**GIVEN RECORDS:**
━━━
(* Let $\widetilde\nabla$ be a canonical snm-connection on $\mathbb R^3$ determined by the unit constant vector field $\mathsf C$. Then every cylindrical surface whose rulings are parallel to $\mathsf C$ has constant sectional curvature $K\equiv\tfrac12$ with respect to $\widetilde\nabla$.
   Context: Let $\langle\cdot,\cdot\rangle$ be the Euclidean metric on $\mathbb R^3$ and $\widetilde\nabla^0$ its Levi-Civita connection (the ordinary directional derivative). Given a smooth vector field $\mathsf C$ on $\mathbb R^3$, the semi-symmetric non-metric connection (snm-connection) determined by $\mathsf C$ is $\widetilde\nabla_XY=\widetilde\nabla^0_XY+\langle \mathsf C,Y\rangle X$. It is called canonical if $\mathsf C$ is a constant vector field with $|\mathsf C|=1$. Its curvature tensor is $\widetilde R(X,Y)Z=\widetilde\nabla_X\widetilde\nabla_YZ-\widetilde\nabla_Y\widetilde\nabla_XZ-\widetilde\nabla_{[X,Y]}Z$. For a surface $M$ immersed in $\mathbb R^3$, the induced connection is $\nabla_XY=(\widetilde\nabla_XY)^{\top}$ (tangential component), with curvature tensor $R$ defined by the same formula, and the sectional curvature of $M$ with respect to $\widetilde\nabla$ at $p$ is $K(p)=\frac12\big(\langle R(e_1,e_2)e_2,e_1\rangle+\langle R(e_2,e_1)e_1,e_2\rangle\big)$ for an orthonormal basis $\{e_1,e_2\}$ of $T_pM$. A cylindrical surface with rulings parallel to a unit vector $\vec w$ is a surface $\psi(s,t)=\gamma(s)+t\vec w$, $s\in I$, $t\in\mathbb R$, where $\gamma$ is a regular curve in a plane orthogonal to $\vec w$. *)

theory Defs
  imports "HOL-Analysis.Analysis" "HOL-Analysis.Cross3"
begin

definition ds :: "(real \<times> real \<Rightarrow> 'a::real_normed_vector) \<Rightarrow> real \<times> real \<Rightarrow> 'a" where
  "ds F p = vector_derivative (\<lambda>u. F (u, snd p)) (at (fst p))"

definition dt :: "(real \<times> real \<Rightarrow> 'a::real_normed_vector) \<Rightarrow> real \<times> real \<Rightarrow> 'a" where
  "dt F p = vector_derivative (\<lambda>v. F (fst p, v)) (at (snd p))"

fun pd :: "bool list \<Rightarrow> (real \<times> real \<Rightarrow> 'a::real_normed_vector) \<Rightarrow> real \<times> real \<Rightarrow> 'a" where
  "pd [] F = F"
| "pd (b # bs) F = (if b then ds (pd bs F) else dt (pd bs F))"

definition smooth2_on :: "(real \<times> real) set \<Rightarrow> (real \<times> real \<Rightarrow> 'a::real_normed_vector) \<Rightarrow> bool" where
  "smooth2_on S F \<longleftrightarrow>
     (\<forall>bs. continuous_on S (pd bs F) \<and>
        (\<forall>p\<in>S. (\<lambda>u. pd bs F (u, snd p)) differentiable (at (fst p)) \<and>
               (\<lambda>v. pd bs F (fst p, v)) differentiable (at (snd p))))"

definition vderiv :: "(real \<Rightarrow> 'a::real_normed_vector) \<Rightarrow> real \<Rightarrow> 'a" where
  "vderiv g s = vector_derivative g (at s)"

definition smooth1_on :: "real set \<Rightarrow> (real \<Rightarrow> 'a::real_normed_vector) \<Rightarrow> bool" where
  "smooth1_on I g \<longleftrightarrow>
     (\<forall>n. continuous_on I ((vderiv ^^ n) g) \<and> (\<forall>s\<in>I. ((vderiv ^^ n) g) differentiable (at s)))"

text \<open>Tangent vector fields on the parametrized surface psi are given by their
  coefficient fields V = (a,b) on the parameter domain: X = a psi_s + b psi_t.\<close>

definition push :: "(real \<times> real \<Rightarrow> real^3) \<Rightarrow> (real \<times> real \<Rightarrow> real \<times> real) \<Rightarrow> real \<times> real \<Rightarrow> real^3" where
  "push \<psi> V p = fst (V p) *\<^sub>R ds \<psi> p + snd (V p) *\<^sub>R dt \<psi> p"

text \<open>Directional derivative along V of a function on the parameter domain
  (for an R^3-valued field this is the ordinary derivative nabla^0 along push psi V).\<close>

definition dirD :: "(real \<times> real \<Rightarrow> real \<times> real) \<Rightarrow> (real \<times> real \<Rightarrow> 'a::real_normed_vector) \<Rightarrow> real \<times> real \<Rightarrow> 'a" where
  "dirD V F p = fst (V p) *\<^sub>R ds F p + snd (V p) *\<^sub>R dt F p"

definition lie :: "(real \<times> real \<Rightarrow> real \<times> real) \<Rightarrow> (real \<times> real \<Rightarrow> real \<times> real) \<Rightarrow> real \<times> real \<Rightarrow> real \<times> real" where
  "lie V W p = dirD V W p - dirD W V p"

definition unit_normal :: "(real \<times> real \<Rightarrow> real^3) \<Rightarrow> real \<times> real \<Rightarrow> real^3" where
  "unit_normal \<psi> p = (let n = cross3 (ds \<psi> p) (dt \<psi> p) in (1 / norm n) *\<^sub>R n)"

definition tang :: "(real \<times> real \<Rightarrow> real^3) \<Rightarrow> real \<times> real \<Rightarrow> real^3 \<Rightarrow> real^3" where
  "tang \<psi> p v = v - (v \<bullet> unit_normal \<psi> p) *\<^sub>R unit_normal \<psi> p"

definition snm_conn :: "real^3 \<Rightarrow> (real \<times> real \<Rightarrow> real^3) \<Rightarrow> (real \<times> real \<Rightarrow> real \<times> real) \<Rightarrow> (real \<times> real \<Rightarrow> real^3) \<Rightarrow> real \<times> real \<Rightarrow> real^3" where
  "snm_conn C \<psi> V Y p = dirD V Y p + (C \<bullet> Y p) *\<^sub>R push \<psi> V p"

definition ind_conn :: "real^3 \<Rightarrow> (real \<times> real \<Rightarrow> real^3) \<Rightarrow> (real \<times> real \<Rightarrow> real \<times> real) \<Rightarrow> (real \<times> real \<Rightarrow> real^3) \<Rightarrow> real \<times> real \<Rightarrow> real^3" where
  "ind_conn C \<psi> V Y p = tang \<psi> p (snm_conn C \<psi> V Y p)"

definition ind_curv :: "real^3 \<Rightarrow> (real \<times> real \<Rightarrow> real^3) \<Rightarrow> (real \<times> real \<Rightarrow> real \<times> real) \<Rightarrow> (real \<times> real \<Rightarrow> real \<times> real) \<Rightarrow> (real \<times> real \<Rightarrow> real \<times> real) \<Rightarrow> real \<times> real \<Rightarrow> real^3" where
  "ind_curv C \<psi> X Y Z p =
     ind_conn C \<psi> X (ind_conn C \<psi> Y (push \<psi> Z)) p
   - ind_conn C \<psi> Y (ind_conn C \<psi> X (push \<psi> Z)) p
   - ind_conn C \<psi> (lie X Y) (push \<psi> Z) p"

text \<open>Sectional curvature expression for fields E1, E2 (orthonormal at p).\<close>

definition sect_curv :: "real^3 \<Rightarrow> (real \<times> real \<Rightarrow> real^3) \<Rightarrow> (real \<times> real \<Rightarrow> real \<times> real) \<Rightarrow> (real \<times> real \<Rightarrow> real \<times> real) \<Rightarrow> real \<times> real \<Rightarrow> real" where
  "sect_curv C \<psi> E1 E2 p =
     (1/2) * (ind_curv C \<psi> E1 E2 E2 p \<bullet> push \<psi> E1 p + ind_curv C \<psi> E2 E1 E1 p \<bullet> push \<psi> E2 p)"

end

theory Submission
  imports Defs
begin

text \<open>Along the cylinder \<open>\<psi>(s, t) = \<gamma>(s) + t w\<close> the coordinate fields \<open>\<psi>\<^sub>s = \<gamma>'\<close> and
  \<open>\<psi>\<^sub>t = w\<close> are orthogonal, and \<open>C = \<epsilon> w\<close> with \<open>\<epsilon>\<^sup>2 = 1\<close>, so \<open>C\<close> is orthogonal to \<open>\<gamma>'\<close>.
  Since \<open>\<gamma>''\<close> is orthogonal to \<open>w\<close>, its tangential part is \<open>\<kappa> \<gamma>'\<close>, and in this frame the
  induced connection has the coefficients \<open>\<nabla>\<^sub>X Z = X(Z) + (\<kappa> x\<^sub>s z\<^sub>s + \<epsilon> x\<^sub>s z\<^sub>t, \<epsilon> x\<^sub>t z\<^sub>t)\<close>,
  the \<open>\<epsilon>\<close>-terms being \<open>\<langle>C, Z\<rangle> X\<close>. In the curvature all derivative terms cancel (by the symmetry of
  mixed partials), leaving \<open>R(X, Y) Z = z\<^sub>t (x\<^sub>s y\<^sub>t - x\<^sub>t y\<^sub>s) \<gamma>'\<close>. For an orthonormal pair
  \<open>E\<^sub>1, E\<^sub>2\<close> the sectional curvature is then half of
  \<open>|\<gamma>'|\<^sup>2 (e\<^sub>1\<^sub>s e\<^sub>2\<^sub>t - e\<^sub>1\<^sub>t e\<^sub>2\<^sub>s)\<^sup>2\<close>, the Gram determinant of \<open>E\<^sub>1, E\<^sub>2\<close>, which is \<open>1\<close>.\<close>

section \<open>Partial derivatives in the parameter plane\<close>

lemma ds_eqI: "((\<lambda>u. F (u, snd q)) has_real_derivative D) (at (fst q)) \<Longrightarrow> ds F q = D"
  by (simp add: ds_def vector_derivative_at has_real_derivative_iff_has_vector_derivative)

lemma dt_eqI: "((\<lambda>v. F (fst q, v)) has_real_derivative D) (at (snd q)) \<Longrightarrow> dt F q = D"
  by (simp add: dt_def vector_derivative_at has_real_derivative_iff_has_vector_derivative)

lemma open_slice_fst: "open S \<Longrightarrow> open {u. (u, c) \<in> S}"
  using open_vimage[of S "\<lambda>u. (u, c)"] by (simp add: vimage_def continuous_on_Pair)

lemma open_slice_snd: "open S \<Longrightarrow> open {v. (c, v) \<in> S}"
  using open_vimage[of S "\<lambda>v. (c, v)"] by (simp add: vimage_def continuous_on_Pair)

lemma vector_derivative_cong_open:
  assumes "open A" "x \<in> A" "\<And>y. y \<in> A \<Longrightarrow> f y = g y"
  shows "vector_derivative f (at x) = vector_derivative g (at x)"
  by (rule vector_derivative_cong_eq)
    (use eventually_nhds_in_open[OF assms(1,2)] assms(3) in \<open>auto elim: eventually_mono\<close>)

lemma ds_cong_open:
  assumes "open S" "q \<in> S" "\<And>q. q \<in> S \<Longrightarrow> F q = G q"
  shows "ds F q = ds G q"
proof -
  have "vector_derivative (\<lambda>u. F (u, snd q)) (at (fst q))
      = vector_derivative (\<lambda>u. G (u, snd q)) (at (fst q))"
  proof (rule vector_derivative_cong_open[OF open_slice_fst[OF assms(1)]])
    show "fst q \<in> {u. (u, snd q) \<in> S}" using assms(2) by simp
  qed (use assms(3) in blast)
  then show ?thesis by (simp add: ds_def)
qed

lemma dt_cong_open:
  assumes "open S" "q \<in> S" "\<And>q. q \<in> S \<Longrightarrow> F q = G q"
  shows "dt F q = dt G q"
proof -
  have "vector_derivative (\<lambda>v. F (fst q, v)) (at (snd q))
      = vector_derivative (\<lambda>v. G (fst q, v)) (at (snd q))"
  proof (rule vector_derivative_cong_open[OF open_slice_snd[OF assms(1)]])
    show "snd q \<in> {v. (fst q, v) \<in> S}" using assms(2) by simp
  qed (use assms(3) in blast)
  then show ?thesis by (simp add: dt_def)
qed

lemma ds_linear:
  assumes "bounded_linear L" "(\<lambda>u. F (u, snd q)) differentiable at (fst q)"
  shows "ds (\<lambda>q. L (F q)) q = L (ds F q)"
proof -
  have "((\<lambda>u. F (u, snd q)) has_vector_derivative ds F q) (at (fst q))"
    using assms(2) unfolding ds_def vector_derivative_works .
  then show ?thesis
    unfolding ds_def[of "\<lambda>q. L (F q)"]
    by (intro vector_derivative_at bounded_linear.has_vector_derivative[OF assms(1)])
qed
━━━
**WORK ITEM:**
What you return must be an exact retyping of the lines above starting at the line with "theory Submission" and ending at the line with "mixed partials), leaving", and nothing besides.

**TASK RESPONSE:**
theory Submission
  imports Defs
begin

text \<open>Along the cylinder \<open>\<psi>(s, t) = \<gamma>(s) + t w\<close> the coordinate fields \<open>\<psi>\<^sub>s = \<gamma>'\<close> and
  \<open>\<psi>\<^sub>t = w\<close> are orthogonal, and \<open>C = \<epsilon> w\<close> with \<open>\<epsilon>\<^sup>2 = 1\<close>, so \<open>C\<close> is orthogonal to \<open>\<gamma>'\<close>.
  Since \<open>\<gamma>''\<close> is orthogonal to \<open>w\<close>, its tangential part is \<open>\<kappa> \<gamma>'\<close>, and in this frame the
  induced connection has the coefficients \<open>\<nabla>\<^sub>X Z = X(Z) + (\<kappa> x\<^sub>s z\<^sub>s + \<epsilon> x\<^sub>s z\<^sub>t, \<epsilon> x\<^sub>t z\<^sub>t)\<close>,
  the \<open>\<epsilon>\<close>-terms being \<open>\<langle>C, Z\<rangle> X\<close>. In the curvature all derivative terms cancel (by the symmetry of
  mixed partials), leaving \<open>R(X, Y) Z = z\<^sub>t (x\<^sub>s y\<^sub>t - x\<^sub>t y\<^sub>s) \<gamma>'\<close>. For an orthonormal pair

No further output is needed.